FreeBSD Looking for People with Lots of RAM
drdink writes "A few weeks ago, PAE (Physical Address Extension)
support was added to FreeBSD 5-CURRENT. This
allows memory above 4GB to be used normally by the kernel and userland
on the x86 platform. Jake Burkholder, the man
behind PAE, is now looking for users to help
him test this new feature. In his message to
the freebsd-current mailing list, Jake describes
the current caveats to PAE and also says
'We'd like this feature to be solid for
5.1-RELEASE, so I'm hoping there are people out
there with systems with more than 4G of ram that
are willing to test it.' This, along with other features
make FreeBSD 5-STABLE look very promising."
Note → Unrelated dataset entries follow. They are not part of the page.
(* Let $(S,V)$ be a marked surface with a topological triangulation $\mathcal{T}$. Define $L_f\colon \mathbb{R}_{>1}^{E(\mathcal{T})}\times\mathbb{R}_{>0}^V\to\mathbb{R}_{>0}^{E(\mathcal{T})}$ by $L_f(\mathbf{I},\mathbf{r})(e_{ij})=\sqrt{r_i^2+r_j^2+2I_{ij}r_ir_j}$, where $e_{ij}$ is an edge joining $v_i,v_j$ and $I_{ij}=\mathbf{I}(e_{ij})$, $r_i=\mathbf{r}(v_i)$. Let $\mathbb{R}^{E(\mathcal{T})}_\Delta=\{\mathbf{x}\in\mathbb{R}^{E(\mathcal{T})}: \text{for every face } f_{ijk},\ 0<x(e_{ij})<x(e_{jk})+x(e_{ki})\}$ and $Q_f(\mathcal{T})=L_f^{-1}(\mathbb{R}^{E(\mathcal{T})}_\Delta)$. Then the map $\tilde L_f\colon Q_f(\mathcal{T})\to\mathbb{R}^{E(\mathcal{T})}_\Delta\times\mathbb{R}^V_{>0}$, $(\mathbf{I},\mathbf{r})\mapsto(L_f(\mathbf{I},\mathbf{r}),\mathbf{r})$, is injective, and hence a real analytic homeomorphism from its domain onto its image.
   Context: A marked surface $(S,V)$ is a closed oriented surface $S$ with a nonempty finite set $V=\{v_1,\dots,v_n\}$ such that $\chi(S\setminus V)<0$. A (topological) triangulation is a $\Delta$-complex decomposition of $S$ (cells may be glued to themselves) whose set of $0$-cells is $V$, considered up to isotopy fixing $V$; $E(\mathcal{T})$ and $F(\mathcal{T})$ denote its edges and faces. For a finite set $A$, $\mathbb{R}^A$ is the space of real functions on $A$. *)

theory Defs
  imports "HOL-Analysis.Analysis"
begin

text \<open>Combinatorial data of a triangulation: vertices are the elements of the finite
type 'v, edges of 'e, faces of 'f.  ends e = (i,j) are the endpoints of edge e
(possibly i = j, as Delta-complexes allow self-gluing); fedges f = (a,b,c)
are the three edges of face f, with a joining v_i v_j, b joining v_j v_k, c joining v_k v_i.\<close>

definition joins :: "('e \<Rightarrow> 'v \<times> 'v) \<Rightarrow> 'e \<Rightarrow> 'v \<Rightarrow> 'v \<Rightarrow> bool" where
  "joins ends e i j \<longleftrightarrow> ends e = (i, j) \<or> ends e = (j, i)"

definition triangulation_data ::
  "('e::finite \<Rightarrow> 'v::finite \<times> 'v) \<Rightarrow> ('f::finite \<Rightarrow> 'e \<times> 'e \<times> 'e) \<Rightarrow> bool" where
  "triangulation_data ends fedges \<longleftrightarrow>
     \<comment> \<open>each face is a triangle with vertices v_i, v_j, v_k\<close>
     (\<forall>f. \<exists>i j k. joins ends (fst (fedges f)) i j \<and> joins ends (fst (snd (fedges f))) j k
                   \<and> joins ends (snd (snd (fedges f))) k i)
     \<comment> \<open>closed surface: every edge occurs exactly twice among the sides of faces\<close>
   \<and> (\<forall>e. card {f. fst (fedges f) = e} + card {f. fst (snd (fedges f)) = e}
            + card {f. snd (snd (fedges f)) = e} = 2)
     \<comment> \<open>chi(S - V) = |V| - |E| + |F| - |V| < 0\<close>
   \<and> int CARD('f) - int CARD('e) < 0"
Bologna. Its not beta and its considered stable.
Current != Release. I looked at there ftp site and only found -current or -Release versions. The only one mentioned as stable I found reading the docs are 4.0.
Current = beta, and Release = stable. Stable= superstable or enterprise class stability.
FreeBSD 5 is ready for %95 of user and server use. Its just as stable as FreeBSD 4.6 or 4.7 since they are also Release versions. Only 4.0 is considered STABLE at this point.
However I would not bet my job on it with a server that needs to stay up 24x7 but FreeBSD 5 is as stable if not more out of the box as Redhat8 or Mandrake. FreeBSD hackers obsess about stability more then most linux hackers with the exception of Debian users. I would be cautious of course but to be release quality it needs to be %99.9 stable as opposed to %99.999 stable as 4.0 stable.
http://saveie6.com/
Hardware support? Never had an issue with it under FreeBSD myself, and if you're planning on running it, you can always pick your hardware properly.
Now as to WHY you'd run it?
Its reliable, quick, sensibly laid out, and works very much like commercial unix.
Just because you're too shortsighted to see a use for it, doesn't mean that no one else has uses for it.
smash.
I run: Windows, OS X, Linux, FreeBSD. Just because you have a hammer, doesn't mean everything is a nail.